Le goût du voyage

Si ma valise pouvait parler, elle dirait que je la confonds trop souvent avec le sac de Mary Poppins. Je suis persuadée que je peux y faire rentrer tout et n’importe quoi en évitant l’excès de bagage par magie. Paradoxalement, plus j’avance dans l’âge, plus je nourris le secret espoir de voyager avec l’élégance du personnage de Margherita Buy dans le film “Je voyage toute seule”.  En réalité, c’est tout à fait impossible. Il faudrait pour atteindre cet idéal renoncer à mon goût du voyage. C’est à cause de lui que l’on peut m’apercevoir à l’aéroport exhibant le profil gracieux d’un bonhomme Michelin relooké par un épouvantail, portant 3 pulls, 3 t-shirts, accumulant les couches et les poches remplies avant d’arriver à ma place dans l’avion. Tout ça pour libérer de l’espace dans la valise.
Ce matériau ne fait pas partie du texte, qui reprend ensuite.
lemma permutes_in_adjacent_transposition_closed:
  fixes T :: "(nat \<Rightarrow> nat) set"
  assumes id: "id \<in> T"
    and comp: "\<And>f g. f \<in> T \<Longrightarrow> g \<in> T \<Longrightarrow> g \<circ> f \<in> T"
    and adjacent: "\<And>k. a \<le> k \<Longrightarrow> Suc k \<le> b \<Longrightarrow> transpose k (Suc k) \<in> T"
    and p: "p permutes {a..b}"
  shows "p \<in> T"
proof -
  have transpose: "transpose x y \<in> T" if "a \<le> x" "x < y" "y \<le> b" for x y
    using that
  proof (induction y)
    case (Suc y)
    show ?case
    proof (cases "x = y")
      case False
      have xy: "transpose x y \<in> T" and y: "transpose y (Suc y) \<in> T"
        using Suc False adjacent by auto
      have "transpose x (Suc y) = transpose y (Suc y) \<circ> transpose x y \<circ> transpose y (Suc y)"
        using Suc.prems False by (auto simp: fun_eq_iff transpose_def)
      then show ?thesis using comp[OF y comp[OF xy y]] by (simp only:)
    qed (use Suc.prems adjacent in simp)
  qed simp
  from p finite_atLeastAtMost show ?thesis
  proof (induction rule: permutes_induct)
    case (swap x y p)
    then have "transpose x y \<in> T"
      using transpose[of x y] transpose[of y x] by (cases "x < y") (auto simp: transpose_commute)
    then show ?case using comp swap by blast
  qed (rule id)
qed

section \<open>The subgroup generated by the \<open>\<rho>\<^sub>i\<close>\<close>

locale tvb =
  fixes n :: nat
  assumes two_le_n: "2 \<le> n"

sublocale tvb \<subseteq> G: group "TVB n"
  by (rule group_TVB)

sublocale tvb \<subseteq> H: group_hom "TVB n" "Sym n" "phiP n"
  by (rule group_hom_phiP)

context tvb
begin

abbreviation tmult (infixl "\<diamond>" 70) where "x \<diamond> y \<equiv> x \<otimes>\<^bsub>TVB n\<^esub> y"
abbreviation tinv where "tinv x \<equiv> inv\<^bsub>TVB n\<^esub> x"
abbreviation tone where "tone \<equiv> \<one>\<^bsub>TVB n\<^esub>"

lemma cls_rel: "(l, r) \<in> rels n \<Longrightarrow> cls n l = cls n r"
  by (rule cls_eqI) (use eqv.rel[of l r n "[]" "[]"] in simp)

lemma rho_carrier [simp]: "1 \<le> i \<Longrightarrow> i \<le> n - 1 \<Longrightarrow> rho n i \<in> carrier (TVB n)"
  by (simp add: rho_def carrier_TVB)
lemma card_slope_cond_eq_sum_northwest_weight:
  assumes D: "subdiagram a b D" and E: "subdiagram a b E" and ab: "0 < a" "0 < b"
  shows "real (card {c \<in> D \<inter> E. slope_cond a b D E c})
       = (\<Sum>z\<in>D. \<Sum>w\<in>E. northwest_weight a b z w)"
proof -
  have "finite (D \<inter> E)" using subdiagram_finite[OF D ab] by simp
  then have "real (card {c \<in> D \<inter> E. slope_cond a b D E c})
      = (\<Sum>c\<in>D \<inter> E. if slope_cond a b D E c then 1 else 0)"
    by (simp only: real_of_card sum.inter_filter)
  also have "\<dots> = (\<Sum>c\<in>D \<inter> E. slope_indicator a b (int (arm D c)) (int (leg E c)))"
    by (simp add: slope_cond_iff[OF ab] slope_indicator_def)
  also have "\<dots> = (\<Sum>c\<in>D \<inter> E. \<Sum>r\<in>{0..int (arm D c)}. \<Sum>l\<in>{0..int (leg E c)}.
                      slope_delta a b r l)"
    by (simp add: slope_indicator_eq_sum_slope_delta)
  also have "\<dots> = (\<Sum>z\<in>D. \<Sum>w\<in>E. northwest_weight a b z w)"
    unfolding northwest_weight_def by (rule sum_hook_rectangles_eq_sum_northwest_pairs[OF D E ab])
  finally show ?thesis .
qed

lemma Bform_indicator:
  assumes D: "subdiagram a b D" and E: "subdiagram a b E" and ab: "0 < a" "0 < b"
  shows "Bform a b (indicator D) (indicator E)
       = 1/2 * (\<Sum>z\<in>D. \<Sum>w\<in>E. Kfun_sym a b (gfun a b w - gfun a b z))"
proof -
  let ?K = "\<lambda>i j. real_of_int (Kfun a b (gfun a b j - gfun a b i))"
  have G: "finite (Gset a b)" "D \<subseteq> Gset a b" "E \<subseteq> Gset a b"
    using finite_Gset[OF ab] D E by (auto simp: subdiagram_def)
  have "Bform a b (indicator D) (indicator E)
      = 1/2 * ((\<Sum>i\<in>Gset a b. \<Sum>j\<in>Gset a b. ?K i j * (indicator D i * indicator E j))
             + (\<Sum>i\<in>Gset a b. \<Sum>j\<in>Gset a b. ?K i j * (indicator E i * indicator D j)))"
    unfolding Bform_def by (simp add: sum.distrib[symmetric] algebra_simps)
  also have "\<dots> = 1/2 * ((\<Sum>z\<in>D. \<Sum>w\<in>E. ?K z w) + (\<Sum>w\<in>E. \<Sum>z\<in>D. ?K w z))"
    using G by (simp add: sum_sum_mult_indicator)
  also have "\<dots> = 1/2 * (\<Sum>z\<in>D. \<Sum>w\<in>E. Kfun_sym a b (gfun a b w - gfun a b z))"
    by (simp add: sum.swap[of _ E] sum.distrib[symmetric] Kfun_sym_def)
  finally show ?thesis .
qed

theorem theorem1p2:
  fixes a b :: int and D E :: "cell set"
  assumes "1 < a" and "a < b" and "coprime a b"
    and "subdiagram a b D" and "subdiagram a b E"
  shows "Bform a b (indicator D) (indicator E) = dinv a b D E"
proof -
  have a: "0 < a" and b: "0 < b" using assms(1,2) by simp_all
  note D = assms(4) and E = assms(5)
  have "{c \<in> D \<inter> E. slope_cond a b E D c} = {c \<in> E \<inter> D. slope_cond a b E D c}"
    by blast
  then have "dinv a b D E
      = 1/2 * ((\<Sum>z\<in>D. \<Sum>w\<in>E. northwest_weight a b z w)
             + (\<Sum>w\<in>E. \<Sum>z\<in>D. northwest_weight a b w z))"
    unfolding dinv_def by (simp only: card_slope_cond_eq_sum_northwest_weight D E a b)
  also have "\<dots> = 1/2 * (\<Sum>z\<in>D. \<Sum>w\<in>E. Kfun_sym a b (gfun a b w - gfun a b z))"
    by (simp add: sum.swap[of _ E] sum.distrib[symmetric] northwest_weight_add_commute[OF a assms(2)])
  also have "\<dots> = Bform a b (indicator D) (indicator E)"
    by (rule Bform_indicator[OF D E a b, symmetric])
  finally show ?thesis ..
qed

end
(* Let $\rho$ be an irreducible representation of $\mathcal U=U_h^{2,q}(\mathbb{F}_{q^2})$ in which $H_{2(h-1)}$ acts via a character $\psi$ of conductor $q^2$ (i.e. $1+a\tau^{2(h-1)}$ acts by $\psi(a)$). Then $\rho$ is uniquely determined up to isomorphism by its restriction to $H$: if $\rho'$ is another such irreducible representation with $\rho'|_H\cong\rho|_H$, then $\rho'\cong\rho$.
   Context: Let $p$ be a prime, $q$ a power of $p$, $\ell\ne p$, and $h\ge2$ an integer; representations are over $\overline{\mathbb{Q}}_\ell$. For a commutative $\mathbb{F}_q$-algebra $A$, $U_h^{2,q}(A)$ is the set of formal expressions $1+\sum_{i=1}^{2(h-1)}a_i\tau^i$ ($a_i\in A$) with multiplication obtained by extending $(a\tau^i)(b\tau^j)=ab^{q^i}\tau^{i+j}$ bi-additively, where $\tau^0=1$ and $\tau^k=0$ for $k>2(h-1)$. In $\mathcal U=U_h^{2,q}(\mathbb{F}_{q^2})$ let $H=\{1+\sum a_i\tau^i: a_i=0\text{ for all odd }i\}$ and $H_{2(h-1)}=\{1+a\tau^{2(h-1)}: a\in\mathbb{F}_{q^2}\}$. An additive character $\psi\colon\mathbb{F}_{q^2}\to\overline{\mathbb{Q}}_\ell^\times$ has conductor $q^2$ if there exists $x$ with $\psi(x^q)\ne\psi(x)$. *)

theory Defs
  imports "Jordan_Normal_Form.Matrix"
begin

(* The group U_h^{2,q}(F_{q^2}).  An element 1 + sum_{i=1}^{N} a_i tau^i, N = 2(h-1),
   is encoded by its coefficient function a :: nat => 'f with a 0 = 1 and a i = 0 for i > N. *)

definition U_N :: "nat \<Rightarrow> nat" where
  "U_N h = 2 * (h - 1)"

definition U_carrier :: "nat \<Rightarrow> (nat \<Rightarrow> 'f::field) set" where
  "U_carrier h = {a. a 0 = 1 \<and> (\<forall>i. U_N h < i \<longrightarrow> a i = 0)}"

(* (a tau^i)(b tau^j) = a b^{q^i} tau^{i+j}, extended bi-additively, truncated above N *)
definition U_mult :: "nat \<Rightarrow> nat \<Rightarrow> (nat \<Rightarrow> 'f::field) \<Rightarrow> (nat \<Rightarrow> 'f) \<Rightarrow> (nat \<Rightarrow> 'f)" where
  "U_mult q h a b = (\<lambda>k. if k \<le> U_N h then (\<Sum>i=0..k. a i * (b (k - i)) ^ (q ^ i)) else 0)"

definition U_one :: "nat \<Rightarrow> 'f::field" where
  "U_one = (\<lambda>i. if i = 0 then 1 else 0)"

definition U_H :: "nat \<Rightarrow> (nat \<Rightarrow> 'f::field) set" where
  "U_H h = {a \<in> U_carrier h. \<forall>i. odd i \<longrightarrow> a i = 0}"

definition U_top :: "nat \<Rightarrow> 'f \<Rightarrow> (nat \<Rightarrow> 'f::field)" where
  "U_top h x = (\<lambda>i. if i = 0 then 1 else if i = U_N h then x else 0)"

definition is_rep :: "'g set \<Rightarrow> ('g \<Rightarrow> 'g \<Rightarrow> 'g) \<Rightarrow> 'g \<Rightarrow> nat \<Rightarrow> ('g \<Rightarrow> complex mat) \<Rightarrow> bool" where
  "is_rep G mul e n \<rho> \<longleftrightarrow>
     (\<forall>g\<in>G. \<rho> g \<in> carrier_mat n n) \<and>
     (\<forall>g\<in>G. \<forall>g'\<in>G. \<rho> (mul g g') = \<rho> g * \<rho> g') \<and>
     \<rho> e = 1\<^sub>m n"

definition invariant_subspace :: "'g set \<Rightarrow> nat \<Rightarrow> ('g \<Rightarrow> complex mat) \<Rightarrow> complex vec set \<Rightarrow> bool" where
  "invariant_subspace G n \<rho> W \<longleftrightarrow>
     W \<subseteq> carrier_vec n \<and> 0\<^sub>v n \<in> W \<and>
     (\<forall>v\<in>W. \<forall>w\<in>W. v + w \<in> W) \<and>
     (\<forall>c. \<forall>v\<in>W. c \<cdot>\<^sub>v v \<in> W) \<and>
     (\<forall>g\<in>G. \<forall>v\<in>W. \<rho> g *\<^sub>v v \<in> W)"

definition irreducible_rep :: "'g set \<Rightarrow> ('g \<Rightarrow> 'g \<Rightarrow> 'g) \<Rightarrow> 'g \<Rightarrow> nat \<Rightarrow> ('g \<Rightarrow> complex mat) \<Rightarrow> bool" where
  "irreducible_rep G mul e n \<rho> \<longleftrightarrow>
     is_rep G mul e n \<rho> \<and> 0 < n \<and>
     (\<forall>W. invariant_subspace G n \<rho> W \<longrightarrow> W = {0\<^sub>v n} \<or> W = carrier_vec n)"

definition rep_iso_on :: "'g set \<Rightarrow> nat \<Rightarrow> ('g \<Rightarrow> complex mat) \<Rightarrow> nat \<Rightarrow> ('g \<Rightarrow> complex mat) \<Rightarrow> bool" where
  "rep_iso_on S n \<rho> n' \<rho>' \<longleftrightarrow> n = n' \<and>
     (\<exists>P \<in> carrier_mat n n. invertible_mat P \<and> (\<forall>g\<in>S. P * \<rho> g = \<rho>' g * P))"

definition additive_char :: "('f::field \<Rightarrow> complex) \<Rightarrow> bool" where
  "additive_char \<psi> \<longleftrightarrow> (\<forall>x y. \<psi> (x + y) = \<psi> x * \<psi> y) \<and> (\<forall>x. \<psi> x \<noteq> 0)"

end

(*
  On H the characters of rho and rho' agree. An element g of U can be brought into H by
  conjugations that clear its odd coefficients from the bottom up: if r is the first odd index
  with g_r \<noteq> 0 and some earlier even coefficient g_e lies outside F_q, conjugation by
  1 + w tau^(r-e) kills g_r for a suitable w. If instead all earlier even coefficients lie in F_q,
  conjugation by 1 + w tau^(N-r) (N = 2(h-1)) just multiplies g by the central element
  1 + (w g_r^q - g_r w^q) tau^N, on which both representations act by the scalar
  psi(w g_r^q - g_r w^q); as psi has conductor q^2 this scalar is not 1 for some w, so both traces
  of g vanish. Hence rho and rho' have the same character, and the usual averaging argument
  (orthogonality of characters together with Schur's lemma) yields an isomorphism.
*)
theory Submission
  imports Defs "Jordan_Normal_Form.Char_Poly"
begin

section \<open>Traces and entrywise sums of matrices\<close>

definition mat_trace :: "'a::comm_ring_1 mat \<Rightarrow> 'a" where
  "mat_trace A = (\<Sum>i<dim_row A. A $$ (i, i))"

text \<open>Matrices of different dimensions form no additive monoid, so sums of families of
  \<open>n \<times> n\<close> matrices are taken entrywise.\<close>

definition mat_sum :: "nat \<Rightarrow> 'i set \<Rightarrow> ('i \<Rightarrow> 'a::comm_ring_1 mat) \<Rightarrow> 'a mat" where
  "mat_sum n I M = mat n n (\<lambda>(i, j). \<Sum>x\<in>I. M x $$ (i, j))"

definition mat_unit :: "nat \<Rightarrow> nat \<Rightarrow> nat \<Rightarrow> 'a::comm_ring_1 mat" where
  "mat_unit n i j = mat n n (\<lambda>(a, b). if a = i \<and> b = j then 1 else 0)"

lemma mat_trace_carrier: "A \<in> carrier_mat n n \<Longrightarrow> mat_trace A = (\<Sum>i<n. A $$ (i, i))"
  by (simp add: mat_trace_def)

lemma index_mult_mat_sum:
  assumes "A \<in> carrier_mat n m" "B \<in> carrier_mat m p" "i < n" "j < p"
  shows "(A * B) $$ (i, j) = (\<Sum>k<m. A $$ (i, k) * B $$ (k, j))"
  using assms by (simp add: scalar_prod_def atLeast0LessThan)

lemma mat_trace_mult_comm:
  assumes A: "A \<in> carrier_mat n m" and B: "B \<in> carrier_mat m n"
  shows "mat_trace (A * B) = mat_trace (B * A)"
proof -
  have "mat_trace (A * B) = (\<Sum>i<n. \<Sum>k<m. A $$ (i, k) * B $$ (k, i))"
    using A B index_mult_mat_sum[OF A B] by (auto simp: mat_trace_def intro!: sum.cong)
  also have "\<dots> = (\<Sum>k<m. \<Sum>i<n. B $$ (k, i) * A $$ (i, k))"
    by (subst sum.swap) (simp add: mult.commute)
  also have "\<dots> = mat_trace (B * A)"
    using A B index_mult_mat_sum[OF B A] by (auto simp: mat_trace_def intro!: sum.cong)
  finally show ?thesis .
qed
Comme si, en rapportant dans ma valise des choses à manger et à boire, j’emportais un peu du voyage, croquant dans ma mémoire, retrouvant par le goût la saveur d’un moment et la matière d’un souvenir. Je conseille toujours de rapporter des souvenirs qui se mangent et se boivent. Au-delà de donner à vos étagères une certaine allure, ils vous feront prendre la tangente en quelques bouchées, redonneront au quotidien le savoureux goût de l’ailleurs. Et ils disent tant de la culture de l’endroit dont vous revenez. Et, une bouchée en amenant une autre, tant de son identité.

Mon voyage à São Miguel, aux Açores, n'a pas fait exception à la règle. On voit des paysages merveilleux, on y vit quatre saisons en une journée et peu de mots réussissent à traduire l’âme troublée de l’île ou le sentiment de liberté qui vous envahit par vagues lorsque vous randonnez sur les cimes, entre les lacs et l’océan. Je ne peux vous recommander d’aller à São Miguel et de réserver de la place dans votre valise pour le retour. Dans la mienne, j’ai glissé un extraordinaire vin blanc produit avec les vignes volcaniques de Terceira, Magma, minéral, frappé d’embruns, un fromage que l’on ne produit que dans une seule ferme de Miraflores, la plus petite île des Açores. Au rayon boissons encore, du thé vert car c’est le seul endroit où il pousse en Europe et Cha Gorreana existe depuis 1884. Et, bien sûr, j’ai rapporté des conserves de filets de thon des Açores de Corretera, conserverie de São Miguel. Ceux-là étaient plongés dans un bon bain d’huile d’olive bio, du genre que l’on claque sur un morceau de pain grillé à l’heure où l’on ferme son ordi. Les plus gloutons iront jouer la rencontre entre le vin blanc minéral et le thon à l’apéro, et ils auraient raison. Terre et mer ont des choses à se dire. J’ai testé et approuvé à plusieurs reprises et je ne peux que vous encourager à reproduire ce petit miracle à la maison, d’autant qu’en fermant les yeux, vous verrez peut-être la silhouette capricieuse de São Miguel apparaître à l’horizon…

Illustration de Furze Chan

P.S : toutes ces spécialités proviennent de la géniale petite boutique “O Rei dos Queijos”, à Ponta Delgada (São Miguel). Contrairement à ce que le nom laisse présager, cette boutique vend de délicieux fromages mais aussi tout ce que les 9 îles des Açores produisent de meilleur.